Two Sides of the Same Coin

Akhar Bandyopadhyay


A black-and-white digital collage with selective colour accents shows Earth at the center, surrounded by a yellow circle. Around it are symbolic elements including raised fists, a rifle, a dove, a watering can, flowers, wind turbines, scales of justice, and a “Climate Justice Now!” protest sign. The background is a white brick wall.

Today, climate activists increasingly face a crucial dilemma: whether to focus exclusively on climate issues as isolated concerns or to also address the broader socio-political injustices intertwined with environmental (and not solely “climate”) degradation. Yet, these struggles are inseparable. The war on nature and the war on people both arise from the same extractivist illogic. Reflecting on insights shared by Satish Kumar during a Schumacher College course I was privileged to attend in July 2025, it becomes clear that this illogic is rooted in a systemic, militarized-industrial mindset. Thus, peace cannot be understood merely as the absence of war; it must instead represent a holistic vision that nurtures the flourishing of all life in deep harmony with nature.


I. Resource Geopolitics: War as Control


War frequently serves as a tool for consolidating control over natural resources that are treated merely as another economic resource. In Ukraine, the conflict’s eastern epicentre is home to coal, gas, iron, rare earth metals, and fertile black soil. Ukraine exports significant quantities of wheat and corn, making it a critical node in global capital’s resource networks.

Israel’s forcible occupation of Palestine usurps control over water and land. In the West Bank, Israel diverts 80–90% of water resources. In Gaza, 96–97% of water is undrinkable, and bombings have produced 22.9–40 million tonnes of toxic rubble. Gaza’s natural gas fields remain inaccessible. As Vandana Shiva terms it, these acts constitute an “environmental apartheid,” linking Palestinian resistance to the broader climate justice movement.


India: “Maoist” Zones or Extraction Corridors?


Many of India’s so-called “Maoist zones” in Chhattisgarh, Jharkhand, Odisha, Telangana, and Andhra Pradesh overlap with forests rich in bauxite, coal, iron ore, and uranium. These regions are supposedly marked by “armed insurgency” and state violence, but are also noted to be sites of intense corporate mining interest.


This raises an urgent question: Are these zones inherently conflict-ridden, or are they deliberately kept unstable to ease extraction?


Where indigenous communities resist displacement, the state often invokes “national security” to justify militarization, leading to surveillance and repression. What unfolds is an ecological counterinsurgency, where mining proceeds while land rights are rolled back.

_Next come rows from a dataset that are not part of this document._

(* Let $C_n(a,b)$ be a connected $2$-regular circulant digraph, let $l\ge1$, $0\le k\le l$ with $la+k(b-a)=\omega n$ for an integer $\omega$, and let $Q$ be the set of positive divisors of $\gcd(l,k)$ that are coprime with $\omega$. Then $$|\mathcal{P}_{l,k}(C_n(a,b))|=\frac{n}{l}\sum_{q\in Q}\ \sum_{m\mid \gcd(l,k)/q}\mu(m)\binom{l/(qm)}{k/(qm)},$$ where $\mu$ is the Möbius function.
   Context: Let $n\ge 2$ and $0<a<b<n$ be integers; $C_n(a,b)$ is connected iff $\gcd(n,a,b)=1$. $C_n(a,b)$ has vertex set $\mathbb{Z}_n$ and directed bonds $(v,v+a)$, $(v,v+b)$ (addition mod $n$), with step sizes $a$, $b$. A path of length $l$ is a sequence of bonds $(e_1,\dots,e_l)$ with the terminus of $e_j$ equal to the origin of $e_{j+1}$; its $b$-count is the number of bonds of step size $b$; a circuit is a path whose last terminus equals its first origin. A periodic orbit is an equivalence class of circuits under cyclic rotation $(e_1,\dots,e_l)\mapsto(e_2,\dots,e_l,e_1)$; it is primitive if it is not $[c_0^r]$ for a circuit $c_0$ and $r>1$ ($c_0^r$ = concatenation of $r$ copies). $\mathcal{P}_{l,k}(C_n(a,b))$ is the set of primitive periodic orbits of length $l$ and $b$-count $k$. *)

theory Defs
  imports Main "HOL-Computational_Algebra.Computational_Algebra"
begin

definition moebius_mu :: "nat \<Rightarrow> int" where
  "moebius_mu m = (if squarefree m then (-1) ^ card (prime_factors m) else 0)"

(* Vertices of C_n(a,b): {0..<n} representing Z_n.  A bond is a pair (origin, terminus). *)
type_synonym bond = "nat \<times> nat"

definition bonds :: "nat \<Rightarrow> nat \<Rightarrow> nat \<Rightarrow> bond set" where
  "bonds n a b = {(v, (v + a) mod n) | v. v < n} \<union> {(v, (v + b) mod n) | v. v < n}"

definition is_b_bond :: "nat \<Rightarrow> nat \<Rightarrow> bond \<Rightarrow> bool" where
  "is_b_bond n b e \<longleftrightarrow> snd e = (fst e + b) mod n"

definition b_count :: "nat \<Rightarrow> nat \<Rightarrow> bond list \<Rightarrow> nat" where
  "b_count n b c = length (filter (is_b_bond n b) c)"

definition is_path :: "nat \<Rightarrow> nat \<Rightarrow> nat \<Rightarrow> bond list \<Rightarrow> bool" where
  "is_path n a b c \<longleftrightarrow> c \<noteq> [] \<and> set c \<subseteq> bonds n a b \<and>
     (\<forall>j. Suc j < length c \<longrightarrow> snd (c ! j) = fst (c ! Suc j))"

definition is_circuit :: "nat \<Rightarrow> nat \<Rightarrow> nat \<Rightarrow> bond list \<Rightarrow> bool" where
  "is_circuit n a b c \<longleftrightarrow> is_path n a b c \<and> snd (last c) = fst (hd c)"

(* periodic orbit of a circuit: its class under cyclic rotation *)
definition orbit :: "bond list \<Rightarrow> bond list set" where
  "orbit c = {rotate i c | i. True}"

definition primitive_orbit :: "nat \<Rightarrow> nat \<Rightarrow> nat \<Rightarrow> bond list set \<Rightarrow> bool" where
  "primitive_orbit n a b Orb \<longleftrightarrow>
     \<not> (\<exists>c0 r. r > 1 \<and> is_circuit n a b c0 \<and> Orb = orbit (concat (replicate r c0)))"

definition prim_orbits :: "nat \<Rightarrow> nat \<Rightarrow> nat \<Rightarrow> nat \<Rightarrow> nat \<Rightarrow> bond list set set" where
  "prim_orbits n a b l k = {Orb. \<exists>c. is_circuit n a b c \<and> length c = l \<and> b_count n b c = k
        \<and> Orb = orbit c \<and> primitive_orbit n a b Orb}"

end

theory Submission
  imports Defs
begin

text \<open>
  A circuit of length l is determined by its origin v and by its word w in {a,b}^l of steps;
  when w has k letters b the walk is displaced by la + k(b - a) = \<omega>n, so every such walk
  closes up. The orbit of a circuit is primitive iff no proper rotation fixes the circuit,
  and then it consists of exactly l circuits. Write w as the e-th power of a primitive word,
  e being the exponent of w. A rotation by l/t fixes the walk iff it fixes w and the walk
  along one period w' already closes; as the displacement of w is t times that of w', this
  happens iff t divides both e and \<omega>. So the primitive orbits are n/l times as many as the
  words whose exponent is coprime to \<omega>, and the words of exponent q are counted by Moebius
  inversion from the binomial number of words of exponent divisible by qm.
\<close>

section \<open>The Moebius function\<close>

lemma sum_Pow_neg_one_power_card:
  assumes "finite A" "A \<noteq> {}"
  shows "(\<Sum>S\<in>Pow A. (-1) ^ card S) = (0 :: int)"
proof (rule sum_alternating_cancels)
  have "{} \<subset> A" using assms(2) by blast
  then show "card {S. S \<in> Pow A \<and> even (card S)} = card {S. S \<in> Pow A \<and> odd (card S)}"
    using card_subsupersets_even_odd[OF assms(1) \<open>{} \<subset> A\<close>] by simp
qed (use assms in simp)

lemma squarefree_prod_primes:
  fixes S :: "nat set"
  assumes "finite S" "\<forall>p\<in>S. prime p"
  shows "squarefree (\<Prod>S)" "prime_factors (\<Prod>S) = S"
proof -
  show "squarefree (\<Prod>S)"
    using assms by (intro squarefree_prod_coprime) (auto intro: primes_coprime squarefree_prime)
  have "0 \<notin> id ` S" using assms by auto
  then have "prime_factors (prod id S) = \<Union>((prime_factors \<circ> id) ` S)"
    using prime_factors_prod[of S id] assms by simp
  also have "\<dots> = S" using assms by (auto simp: prime_factorization_prime)
  finally show "prime_factors (\<Prod>S) = S" by simp
qed

lemma prod_prime_factors_squarefree:
  fixes m :: nat
  assumes "squarefree m"
  shows "\<Prod>(prime_factors m) = m"
proof -
  have "m \<noteq> 0" using assms by (cases "m = 0") auto
  then have "(\<Prod>p\<in>prime_factors m. p ^ multiplicity p m) = m" by (simp add: prod_prime_factors)
  moreover have "(\<Prod>p\<in>prime_factors m. p ^ multiplicity p m) = (\<Prod>p\<in>prime_factors m. p)"
    using assms \<open>m \<noteq> 0\<close> by (intro prod.cong) (auto simp: squarefree_factorial_semiring')
  ultimately show ?thesis by simp
qed

lemma prod_subset_prime_factors_dvd:
  fixes N :: nat
  assumes "0 < N" "S \<subseteq> prime_factors N"
  shows "\<Prod>S dvd N"
proof -
  have "\<Prod>S dvd (\<Prod>p\<in>S. p ^ multiplicity p N)"
  proof (rule prod_dvd_prod)
    fix p assume "p \<in> S"
    then have "multiplicity p N \<ge> 1" using assms by (auto simp: prime_factors_multiplicity)
    then show "p dvd p ^ multiplicity p N" by simp
  qed
  also have "\<dots> dvd (\<Prod>p\<in>prime_factors N. p ^ multiplicity p N)"
    using assms by (intro prod_dvd_prod_subset) auto
  also have "\<dots> = N" using prod_prime_factors[of N] assms by simp
  finally show ?thesis .
qed

lemma sum_moebius_mu_divisors:
  fixes N :: nat
  assumes "0 < N"
  shows "(\<Sum>m | m dvd N. moebius_mu m) = (if N = 1 then 1 else 0)"
proof -
  have "(\<Sum>m | m dvd N. moebius_mu m) = (\<Sum>m | m dvd N \<and> squarefree m. moebius_mu m)"
    using assms by (intro sum.mono_neutral_right) (auto simp: moebius_mu_def)
  also have "\<dots> = (\<Sum>S\<in>Pow (prime_factors N). (-1) ^ card S)"
  proof (rule sum.reindex_bij_witness[where i = "\<lambda>S. \<Prod>S" and j = prime_factors])
    fix S assume S: "S \<in> Pow (prime_factors N)"
    then have "finite S" "\<forall>p\<in>S. prime p" by (auto intro: finite_subset)
    note prod_S = squarefree_prod_primes[OF this]
    show "prime_factors (\<Prod>S) = S" by (rule prod_S(2))
    have "\<Prod>S dvd N" using S assms by (intro prod_subset_prime_factors_dvd) auto
    then show "\<Prod>S \<in> {m. m dvd N \<and> squarefree m}" using prod_S(1) by simp
  next
    fix m assume m: "m \<in> {m. m dvd N \<and> squarefree m}"
    then show "\<Prod>(prime_factors m) = m" by (simp add: prod_prime_factors_squarefree)
    show "prime_factors m \<in> Pow (prime_factors N)"
      using m assms by (auto intro: dvd_trans simp: prime_factors_dvd)
    show "(-1) ^ card (prime_factors m) = moebius_mu m" using m by (simp add: moebius_mu_def)
  qed
  also have "\<dots> = (if N = 1 then 1 else 0)"
  proof (cases "N = 1")
    case False
    then obtain p where "prime p" "p dvd N" using prime_factor_nat by blast
    then have "prime_factors N \<noteq> {}" using assms by (auto simp: prime_factors_dvd)
    then have "(\<Sum>S\<in>Pow (prime_factors N). (-1) ^ card S) = (0 :: int)"
      by (intro sum_Pow_neg_one_power_card) simp_all
    then show ?thesis using False by simp
  qed simp
  finally show ?thesis .
qed

lemma moebius_inversion_divisors:
  fixes f :: "nat \<Rightarrow> 'a :: comm_ring_1"
  assumes "0 < N" "d dvd N"
  shows "(\<Sum>m | m dvd N div d. of_int (moebius_mu m) * (\<Sum>j | j dvd N \<and> d * m dvd j. f j)) = f d"
proof -
  have "0 < d" using assms by (auto intro: gr0I)
  have "0 < N div d" using assms \<open>0 < d\<close> by (simp add: div_greater_zero_iff dvd_imp_le)
  then have fin: "finite {m. m dvd N div d}" "finite {j. j dvd N}"
    using assms by simp_all
  have "(\<Sum>m | m dvd N div d. of_int (moebius_mu m) * (\<Sum>j | j dvd N \<and> d * m dvd j. f j)) =
        (\<Sum>m\<in>{m. m dvd N div d}. \<Sum>j\<in>{j \<in> {j. j dvd N}. d * m dvd j}. of_int (moebius_mu m) * f j)"
    by (simp add: sum_distrib_left)
  also have "\<dots> = (\<Sum>j\<in>{j. j dvd N}. \<Sum>m\<in>{m \<in> {m. m dvd N div d}. d * m dvd j}. of_int (moebius_mu m) * f j)"
    using fin by (rule sum.swap_restrict)
  also have "\<dots> = (\<Sum>j\<in>{j. j dvd N}. if j = d then f j else 0)"
  proof (rule sum.cong)
    fix j assume j: "j \<in> {j. j dvd N}"
    show "(\<Sum>m\<in>{m \<in> {m. m dvd N div d}. d * m dvd j}. of_int (moebius_mu m) * f j) =
          (if j = d then f j else 0)"
    proof (cases "d dvd j")
      case True
      then obtain s where s: "j = d * s" ..
      then have "0 < s" using j assms by (auto intro: gr0I)
      have "{m \<in> {m. m dvd N div d}. d * m dvd j} = {m. m dvd s}"
        using s j \<open>0 < d\<close> by (auto intro: dvd_trans)
      then have "(\<Sum>m\<in>{m \<in> {m. m dvd N div d}. d * m dvd j}. of_int (moebius_mu m) * f j)
          = of_int (\<Sum>m | m dvd s. moebius_mu m) * f j"
        by (simp add: sum_distrib_right)
      also have "\<dots> = (if j = d then f j else 0)"
        using sum_moebius_mu_divisors[OF \<open>0 < s\<close>] s \<open>0 < d\<close> by auto
      finally show ?thesis .
    next
      case False
      then have empty: "{m \<in> {m. m dvd N div d}. d * m dvd j} = {}"
        by (auto intro: dvd_mult_left)
      have "j \<noteq> d" using False by auto
      then show ?thesis by (simp only: empty sum.empty if_False)
    qed
  qed simp
  also have "\<dots> = f d" using assms fin by simp
  finally show ?thesis .
qed

section \<open>Rotations and periods of lists\<close>

lemma inj_rotate: "inj (rotate n)"
  unfolding rotate_def by (rule inj_fn) (rule inj_rotate1)

lemma rotate_mult_eq_self: "rotate p xs = xs \<Longrightarrow> rotate (p * m) xs = xs"
  by (induction m) (simp_all add: rotate_rotate[symmetric] add.commute)

lemma rotate_gcd_eq_self:
  assumes "rotate p xs = xs" "rotate q xs = xs"
  shows "rotate (gcd p q) xs = xs"
proof (cases "p = 0")
  case True
  then show ?thesis using assms by simp
next
  case False
  then obtain x y where xy: "p * x = q * y + gcd p q" using bezout_nat by blast
  have "xs = rotate (p * x) xs" using rotate_mult_eq_self[OF assms(1)] by simp
  also have "\<dots> = rotate (gcd p q) (rotate (q * y) xs)" by (simp add: xy rotate_rotate add.commute)
  finally show ?thesis using rotate_mult_eq_self[OF assms(2)] by simp
qed

text \<open>
  The least rotation fixing a nonempty list is the length of its primitive root, and the
  list is the \<open>list_exponent\<close>-th power of that root.
\<close>

definition list_period :: "'a list \<Rightarrow> nat" where
  "list_period xs = (LEAST p. 0 < p \<and> rotate p xs = xs)"

definition list_exponent :: "'a list \<Rightarrow> nat" where
  "list_exponent xs = length xs div list_period xs"

lemma list_period:
  assumes "xs \<noteq> []"
  shows "0 < list_period xs" "rotate (list_period xs) xs = xs"
proof -
  have "0 < length xs \<and> rotate (length xs) xs = xs" using assms by simp
  then have "0 < list_period xs \<and> rotate (list_period xs) xs = xs"
    unfolding list_period_def by (rule LeastI)
  then show "0 < list_period xs" "rotate (list_period xs) xs = xs" by auto
qed

lemma rotate_eq_self_iff_period_dvd:
  assumes "xs \<noteq> []"
  shows "rotate p xs = xs \<longleftrightarrow> list_period xs dvd p"
proof
  assume "rotate p xs = xs"
  then have g: "rotate (gcd (list_period xs) p) xs = xs"
    using rotate_gcd_eq_self list_period(2)[OF assms] by blast
  have "0 < gcd (list_period xs) p" using list_period(1)[OF assms] by simp
  then have "list_period xs \<le> gcd (list_period xs) p"
    using g unfolding list_period_def by (intro Least_le) simp
  then have "list_period xs = gcd (list_period xs) p"
    using list_period(1)[OF assms] by (simp add: antisym)
  then show "list_period xs dvd p" by (metis gcd_dvd2)
next
  assume "list_period xs dvd p"
  then show "rotate p xs = xs" using rotate_mult_eq_self[OF list_period(2)[OF assms]] by auto
qed

lemma list_period_dvd_length: "xs \<noteq> [] \<Longrightarrow> list_period xs dvd length xs"
  using rotate_eq_self_iff_period_dvd[of xs "length xs"] by simp

lemma list_period_mult_exponent: "xs \<noteq> [] \<Longrightarrow> list_period xs * list_exponent xs = length xs"
  by (simp add: list_exponent_def list_period_dvd_length)

lemma list_exponent_pos: "xs \<noteq> [] \<Longrightarrow> 0 < list_exponent xs"
  by (simp add: list_exponent_def div_greater_zero_iff dvd_imp_le list_period_dvd_length list_period)

lemma list_exponent_dvd_length: "list_exponent xs dvd length xs"
  using list_period_dvd_length[of xs] list_period(1)[of xs]
  by (cases "xs = []") (auto simp: list_exponent_def)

A few stark examples are given as follows:


  • Dantewada and Bastar (Chhattisgarh): Rich in minerals and central to Operation Green Hunt; companies like Essar and Tata hold mining interests. Villagers resisting displacement face violent crackdowns.

  • Kalinganagar (Odisha): With chromite and iron ore; 13 indigenous people were killed in 2006 while protesting a Tata Steel plant. The so-called “Maoist” presence surged after state violence.

  • Niyamgiri Hills (Odisha): The Dongria Kondh movement resisted Vedanta’s bauxite plans, defending the sacred earth spirit. The state hinted at “Maoist” links, perhaps to delegitimize their resistance.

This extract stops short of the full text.